Predictably, ‘Jigsaw’ kicks off with the announcement of a new round of games. This time it happens on the run, with Callum Keith Rennie’s grizzled Detective Halloran chasing down a criminal with a death wish and a trigger to pull. Then we cut to another one of those group death traps, where a team of unlucky and unlikable jerks slowly reveal how horrible they are while losing life and limbs in a series of gruesome contests for survival like contestants in the world’s most unpleasant game show. Meanwhile, Halloran starts working with a pair of oddly committed morgue technicians (Matt Passmore and Hannah Emily Anderson) who seem to know quite a bit about Jigsaw. Could it be that the infamous killer is still alive? Or will a bunch of increasingly desperate flashback montages create some sort of convoluted narrative to suggest that Jigsaw somehow still has grand plans to execute over a decade after his death? At the very least, we can be certain that there will be blood, lots of blood. For many horror fans, that’ll be enough.

This many years removed from the onslaught of ‘Saw’ sequels that used to happen every Halloween, there’s something nostalgic about trudging through this gory nonsense again. It’s now easy to see how dated these tropes are to the 2000s. The detective vs. supervillain-level diabolical slasher shtick feels very rooted in the collective consciousness of a nation just starting to embrace comic book blockbuster continuity in theaters, an endless stream of ‘CSI’ spinoffs and knockoffs at home, and of course dealing with the moral ambiguity of the post-9/11 political climate and the “noble” torture techniques therein. It’s hodgepodge of elements linked by an iconic villain that may have gotten run into the ground at the time, but now feels a little amusing (if batshit ridiculous) again.

It helps that directing duties fell onto the sibling pair of Michael and Peter Spierig (‘Undead’, ‘Daybreakers’), who have a love of graphic gore shots to suit the series as well as a slickly satisfying cinematic aesthetic.

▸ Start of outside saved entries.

text \<open>A product of two functions that are square integrable for the weight \<open>w\<close> is integrable
  for \<open>w\<close>, by \<open>|a b| \<le> a\<^sup>2 + b\<^sup>2\<close>.\<close>
lemma integrable_weighted_product:
  fixes w a b :: "'a \<Rightarrow> real"
  assumes w: "\<And>x. 0 \<le> w x"
    and ia: "integrable M (\<lambda>x. w x * (a x)^2)" and ib: "integrable M (\<lambda>x. w x * (b x)^2)"
    and meas: "(\<lambda>x. w x * a x * b x) \<in> borel_measurable M"
  shows "integrable M (\<lambda>x. w x * a x * b x)"
proof (rule Bochner_Integration.integrable_bound)
  show "integrable M (\<lambda>x. w x * (a x)^2 + w x * (b x)^2)" using ia ib by simp
  show "AE x in M. norm (w x * a x * b x) \<le> norm (w x * (a x)^2 + w x * (b x)^2)"
  proof (intro AE_I2)
    fix x
    have "2 * \<bar>a x\<bar> * \<bar>b x\<bar> \<le> \<bar>a x\<bar>^2 + \<bar>b x\<bar>^2" by (rule sum_squares_bound)
    moreover have "0 \<le> \<bar>a x\<bar> * \<bar>b x\<bar>" by simp
    ultimately have "\<bar>a x * b x\<bar> \<le> (a x)^2 + (b x)^2" unfolding abs_mult power2_abs by linarith
    then have "w x * \<bar>a x * b x\<bar> \<le> w x * ((a x)^2 + (b x)^2)" using w by (rule mult_left_mono)
    then show "norm (w x * a x * b x) \<le> norm (w x * (a x)^2 + w x * (b x)^2)"
      using w[of x] by (simp add: abs_mult distrib_left mult.assoc)
  qed
qed (rule meas)

lemma weighted_mean_square_le:
  fixes s g :: "'a \<Rightarrow> real"
  assumes s: "\<And>x. 0 \<le> s x" and int_s: "integrable M s" and isg2: "integrable M (\<lambda>x. s x * (g x)^2)"
    and [measurable]: "g \<in> borel_measurable M"
  shows "integrable M (\<lambda>x. s x * g x)"
    and "(\<integral>x. s x * g x \<partial>M)^2 \<le> (\<integral>x. s x \<partial>M) * (\<integral>x. s x * (g x)^2 \<partial>M)"
proof -
  have [measurable]: "s \<in> borel_measurable M" using int_s by (rule borel_measurable_integrable)
  have is1: "integrable M (\<lambda>x. s x * 1^2)" using int_s by simp
  have "integrable M (\<lambda>x. s x * g x * 1)"
    by (rule integrable_weighted_product[OF s isg2 is1]) measurable
  then show isg: "integrable M (\<lambda>x. s x * g x)" by simp
  have "(\<integral>x. s x * g x * 1 \<partial>M)^2 \<le> (\<integral>x. s x * (g x)^2 \<partial>M) * (\<integral>x. s x * 1^2 \<partial>M)"
    using s isg2 is1 isg by (intro weighted_cauchy_schwarz) auto
  then show "(\<integral>x. s x * g x \<partial>M)^2 \<le> (\<integral>x. s x \<partial>M) * (\<integral>x. s x * (g x)^2 \<partial>M)"
    by (simp add: mult.commute)
qed

lemma ennreal_solve_linear:
  fixes I X :: ennreal and a :: real
  assumes eq: "I = X + ennreal a * I" and fin: "I < \<infinity>" and a: "0 \<le> a" "a \<le> 1"
  shows "X = ennreal (1 - a) * I"
proof -
  obtain r where r: "I = ennreal r" "0 \<le> r" using fin by (cases I) auto
  have "X \<le> I" using eq by (metis le_iff_add)
  then obtain x where x: "X = ennreal x" "0 \<le> x" using r by (cases X) (auto simp: top_unique)
  have "ennreal r = ennreal (x + a * r)"
    using eq r x a by (simp add: ennreal_mult ennreal_plus[symmetric])
  then have "r = x + a * r" using r x a by (subst (asm) ennreal_inj) auto
  then show ?thesis using r x a by (simp add: ennreal_mult[symmetric] algebra_simps)
qed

Unlike the jittery cinematography and editing that James Wan founded for the series out of budgetary necessity, the Spierigs deliver a film that’s dirty and hyper-violent and tense and super-stylized, but also one where you can actually see what’s happening at all times (which is something fresh for the ‘Saw’ franchise). The murder game set-pieces are nasty and creative in ways that do the series proud, shot with maximum impact and some grisly beauty shots that linger in the mind far after the point of comfort. For whatever it’s worth, this is one of the best-mounted ‘Saw’ sequels. That’s something.

As always with ‘Saw’, you take the good with heaping doses of stupid. No matter how well produced the low-budget shocker feels and as impressive as those nasty death traps are, the flick is still a silly mess. The convoluted plot takes many absurd leaps to jump start the action. Tobin Bell appears (and is as delightfully deranged and calm a presence as always), just not necessarily in the ways you’d expect. The new crop of players are fairly disposable, one-note character types there only to die gruesomely, serve as a red herring, or both. Admittedly, the ultimate plot reveal is a genuine surprise. There’s just a whole lotta stupidity to get there. Hey, it’s a ‘Saw’ movie, what do you expect?

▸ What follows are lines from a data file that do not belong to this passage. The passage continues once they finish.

(* For positive integers $m$ and $n$, \begin{align*} \overline{{m+n \brack n}}_{q,t} &= \overline{{m+n -1\brack n-1}}_{q,t} +q^n \overline{{m+n-1 \brack n}}_{q,t} + tq^n \overline{ {m+n-2 \brack n-1}}_{q,t},\\ \overline{{m+n \brack n}}_{q,t} &= \overline{{m+n -1\brack n}}_{q,t} +q^m \overline{{m+n-1 \brack n-1}}_{q,t} + tq^m \overline{{m+n-2 \brack n-1}}_{q,t}. \end{align*}
   Context: An overpartition is a partition in which the last occurrence of each distinct part size may be overlined; its weight $|\lambda|$ is the sum of its parts. For integers $0\le b\le a$, $\overline{{a \brack b}}_{q,t}=\sum_{\lambda} t^{\#_o(\lambda)} q^{|\lambda|}$, the sum over all overpartitions $\lambda$ with largest part at most $a-b$ and at most $b$ parts, $\#_o(\lambda)$ being the number of overlined parts. *)

theory Defs
  imports Main "HOL-Library.Multiset"
begin

text \<open>An overpartition is represented as a pair (M, S): M is the multiset of
(positive) parts, S is the set of part sizes whose last occurrence is overlined
(so S is a subset of the distinct parts).\<close>

definition overpartitions_box :: "nat \<Rightarrow> nat \<Rightarrow> (nat multiset \<times> nat set) set" where
  "overpartitions_box k b =
     {(M, S). (\<forall>x \<in># M. 0 < x \<and> x \<le> k) \<and> size M \<le> b \<and> S \<subseteq> set_mset M}"

text \<open>Overpartition analogue of the Gaussian binomial, evaluated at q, t in an
arbitrary commutative ring: sum over overpartitions with largest part at most a - b
and at most b parts.\<close>

definition over_gauss :: "nat \<Rightarrow> nat \<Rightarrow> 'a::comm_ring_1 \<Rightarrow> 'a \<Rightarrow> 'a" where
  "over_gauss a b q t =
     (\<Sum>(M, S) \<in> overpartitions_box (a - b) b. t ^ card S * q ^ sum_mset M)"

end

theory Submission
  imports Defs
begin

text \<open>Both identities come from splitting the overpartitions in a box (parts at most \<open>k\<close>, at
most \<open>b\<close> parts) into three classes, each in weight-preserving bijection with a smaller box.
For the second identity look at the part \<open>k\<close>: either it does not occur; or one copy of it
can be deleted leaving an overpartition (weight factor \<open>q\<^sup>k\<close>); or it occurs exactly once and
is overlined (factor \<open>t q\<^sup>k\<close>). For the first identity look at the number of parts: fewer
than \<open>b\<close>; or exactly \<open>b\<close>, and then deleting the first column of the Ferrers diagram costs
\<open>q\<^sup>b\<close>, and when the part \<open>1\<close> was overlined also a factor \<open>t\<close> and at least one part.
Overlines survive these operations because the remaining parts keep their relative order.\<close>

type_synonym overpartition = "nat multiset \<times> nat set"

lemma sum_image_eq_mult:
  fixes f :: "'a \<Rightarrow> 'b::semiring_0"
  assumes "inj_on g A" and "\<And>x. x \<in> A \<Longrightarrow> f (g x) = c * f x"
  shows "sum f (g ` A) = c * sum f A"
  using assms by (simp add: sum.reindex sum_distrib_left)

lemma sum_Un3:
  assumes "finite A" "finite B" "finite C" "A \<inter> B = {}" "A \<inter> C = {}" "B \<inter> C = {}"
  shows "sum f (A \<union> B \<union> C) = sum f A + sum f B + sum f C"
  using assms by (simp add: sum.union_disjoint Int_Un_distrib2)

lemma overpartitions_box_iff:
  "(M, S) \<in> overpartitions_box k b \<longleftrightarrow>
     (\<forall>x\<in>#M. 0 < x \<and> x \<le> k) \<and> size M \<le> b \<and> S \<subseteq> set_mset M"
  by (simp add: overpartitions_box_def)

lemma finite_overpartitions_box: "finite (overpartitions_box k b)"
proof (rule finite_subset)
  show "overpartitions_box k b \<subseteq> (\<Union>n\<le>b. multisets_of_size {..k} n) \<times> Pow {..k}"
    by (force simp: overpartitions_box_def multisets_of_size_def)
qed auto

lemma overpartitions_box_mono:
  "k \<le> k' \<Longrightarrow> b \<le> b' \<Longrightarrow> overpartitions_box k b \<subseteq> overpartitions_box k' b'"
  by (force simp: overpartitions_box_def)

lemma not_in_overpartitions_box:
  assumes "(M, S) \<in> overpartitions_box k b" and "k < x"
  shows "x \<notin># M" and "x \<notin> S"
  using assms by (fastforce simp: overpartitions_box_iff)+

definition overpartition_weight :: "'a::comm_ring_1 \<Rightarrow> 'a \<Rightarrow> overpartition \<Rightarrow> 'a" where
  "overpartition_weight q t = (\<lambda>(M, S). t ^ card S * q ^ sum_mset M)"

definition over_gauss_box :: "nat \<Rightarrow> nat \<Rightarrow> 'a::comm_ring_1 \<Rightarrow> 'a \<Rightarrow> 'a" where
  "over_gauss_box k b q t = sum (overpartition_weight q t) (overpartitions_box k b)"

lemma over_gauss_eq_over_gauss_box: "over_gauss a b q t = over_gauss_box (a - b) b q t"
  by (simp add: over_gauss_def over_gauss_box_def overpartition_weight_def)

definition add_part :: "nat \<Rightarrow> overpartition \<Rightarrow> overpartition" where
  "add_part k = (\<lambda>(M, S). (add_mset k M, S))"

definition add_overlined_part :: "nat \<Rightarrow> overpartition \<Rightarrow> overpartition" where
  "add_overlined_part k = (\<lambda>(M, S). (add_mset k M, insert k S))"

lemma overpartitions_box_Suc_iff:
  assumes "Suc k \<notin># M"
  shows "(M, S) \<in> overpartitions_box (Suc k) b \<longleftrightarrow> (M, S) \<in> overpartitions_box k b"
proof -
  have "x \<le> Suc k \<longleftrightarrow> x \<le> k" if "x \<in># M" for x
    using that assms by (cases "x = Suc k") auto
  then show ?thesis by (auto simp: overpartitions_box_iff)
qed

lemma overpartitions_box_split_largest_part:
  "overpartitions_box (Suc k) (Suc b) = overpartitions_box k (Suc b)
     \<union> add_part (Suc k) ` overpartitions_box (Suc k) b
     \<union> add_overlined_part (Suc k) ` overpartitions_box k b"
  (is "?B = ?P0 \<union> ?PA \<union> ?PB")
proof
  have "?P0 \<subseteq> ?B" by (rule overpartitions_box_mono) auto
  moreover have "add_part (Suc k) p \<in> ?B" if "p \<in> overpartitions_box (Suc k) b" for p
    using that by (cases p) (auto simp: add_part_def overpartitions_box_iff)
  moreover have "add_overlined_part (Suc k) p \<in> ?B" if "p \<in> overpartitions_box k b" for p
    using that by (cases p) (auto simp: add_overlined_part_def overpartitions_box_iff)
  ultimately show "?P0 \<union> ?PA \<union> ?PB \<subseteq> ?B" by blast
next
  show "?B \<subseteq> ?P0 \<union> ?PA \<union> ?PB"
  proof
    fix p assume "p \<in> ?B"
    then obtain M S where p: "p = (M, S)" and box: "(M, S) \<in> ?B" by (cases p) auto
    show "p \<in> ?P0 \<union> ?PA \<union> ?PB"
    proof (cases "Suc k \<in># M")
      case False
      then show ?thesis using box by (simp add: p overpartitions_box_Suc_iff)
    next
      case True
      then obtain N where M: "M = add_mset (Suc k) N"
        by (blast dest: multi_member_split)
      show ?thesis
      proof (cases "S \<subseteq> set_mset N")
        case True
        then have "(N, S) \<in> overpartitions_box (Suc k) b"
          using box by (auto simp: M overpartitions_box_iff)
        moreover have "p = add_part (Suc k) (N, S)"
          by (simp add: p M add_part_def)
        ultimately show ?thesis by blast
      next
        case False
        then have "Suc k \<in> S" "Suc k \<notin># N"
          using box by (auto simp: M overpartitions_box_iff)
        have "(N, S - {Suc k}) \<in> overpartitions_box (Suc k) b"
          using box by (auto simp: M overpartitions_box_iff)
        then have "(N, S - {Suc k}) \<in> overpartitions_box k b"
          using overpartitions_box_Suc_iff[OF \<open>Suc k \<notin># N\<close>] by blast
        moreover have "p = add_overlined_part (Suc k) (N, S - {Suc k})"
          using \<open>Suc k \<in> S\<close> by (simp add: p M add_overlined_part_def insert_absorb)
        ultimately show ?thesis by blast
      qed
    qed
  qed
qed

lemma over_gauss_box_largest_part:
  "over_gauss_box (Suc k) (Suc b) q t = over_gauss_box k (Suc b) q t
     + q ^ Suc k * over_gauss_box (Suc k) b q t + t * q ^ Suc k * over_gauss_box k b q t"
proof -
  let ?w = "overpartition_weight q t"
  let ?P0 = "overpartitions_box k (Suc b)"
  let ?A = "overpartitions_box (Suc k) b" and ?C = "overpartitions_box k b"
  have k_notin: "Suc k \<notin># M" "Suc k \<notin> S" if "(M, S) \<in> overpartitions_box k b'" for M S b'
    using not_in_overpartitions_box[OF that] by auto
  have "sum ?w (add_part (Suc k) ` ?A) = q ^ Suc k * sum ?w ?A"
  proof (rule sum_image_eq_mult)
    show "inj_on (add_part (Suc k)) ?A"
      by (rule inj_onI) (auto simp: add_part_def split: prod.splits)
    show "?w (add_part (Suc k) p) = q ^ Suc k * ?w p" for p
      by (cases p) (simp add: add_part_def overpartition_weight_def power_add mult_ac)
  qed
  moreover have "sum ?w (add_overlined_part (Suc k) ` ?C) = t * q ^ Suc k * sum ?w ?C"
  proof (rule sum_image_eq_mult)
    show "inj_on (add_overlined_part (Suc k)) ?C"
      by (rule inj_onI) (auto simp: add_overlined_part_def insert_ident not_in_overpartitions_box)
    show "?w (add_overlined_part (Suc k) p) = t * q ^ Suc k * ?w p" if "p \<in> ?C" for p
    proof (cases p)
      case (Pair M S)
      with that have C: "(M, S) \<in> ?C" by simp
      then have "finite S"
        by (auto simp: overpartitions_box_iff intro: finite_subset)
      moreover have "Suc k \<notin> S" using C by (rule k_notin)
      ultimately show ?thesis
        by (simp add: Pair add_overlined_part_def overpartition_weight_def power_add mult_ac)
    qed
  qed
  moreover have "?P0 \<inter> add_part (Suc k) ` ?A = {}" "?P0 \<inter> add_overlined_part (Suc k) ` ?C = {}"
    by (auto simp: add_part_def add_overlined_part_def dest: k_notin)
  moreover have "add_part (Suc k) ` ?A \<inter> add_overlined_part (Suc k) ` ?C = {}"
    by (auto simp: add_part_def add_overlined_part_def overpartitions_box_iff dest: k_notin)
  ultimately show ?thesis
    unfolding over_gauss_box_def overpartitions_box_split_largest_part
    by (simp add: sum_Un3 finite_overpartitions_box)
qed

text \<open>\<open>add_column b M\<close> adds a column of height \<open>b\<close> to the Ferrers diagram of \<open>M\<close>,
after padding \<open>M\<close> with parts \<open>0\<close> up to \<open>b\<close> parts.\<close>

definition add_column :: "nat \<Rightarrow> nat multiset \<Rightarrow> nat multiset" where
  "add_column b M = image_mset Suc M + replicate_mset (b - size M) 1"

definition remove_column :: "nat multiset \<Rightarrow> nat multiset" where
  "remove_column M = image_mset (\<lambda>x. x - 1) (filter_mset (\<lambda>x. 1 < x) M)"

lemma size_add_column: "size M \<le> b \<Longrightarrow> size (add_column b M) = b"
  by (simp add: add_column_def)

Though the ‘Jigsaw’ script has clearly been designed in a way to welcome newcomers into the eighth chapter of a franchise in ways the continuity-heavy later sequels barely bothered with, the movie likely won’t appeal to an audience much wider than the built-in ‘Saw’ fan base. Graphic dismemberment linked by over-written mystery plotting isn’t exactly going to speak to the folks who made ‘Get Out’ and ‘It’ such massive crossover hits this year. However, for those precious few who still adore the gross and campy charms of the series that kept the genre alive and goopy throughout the Bush 2.0 administration, there’s fun to be had. It would probably be a bit much for the franchise to stretch beyond this point, but at least Jigsaw got a satisfyingly nonsensical curtain call. He deserves it.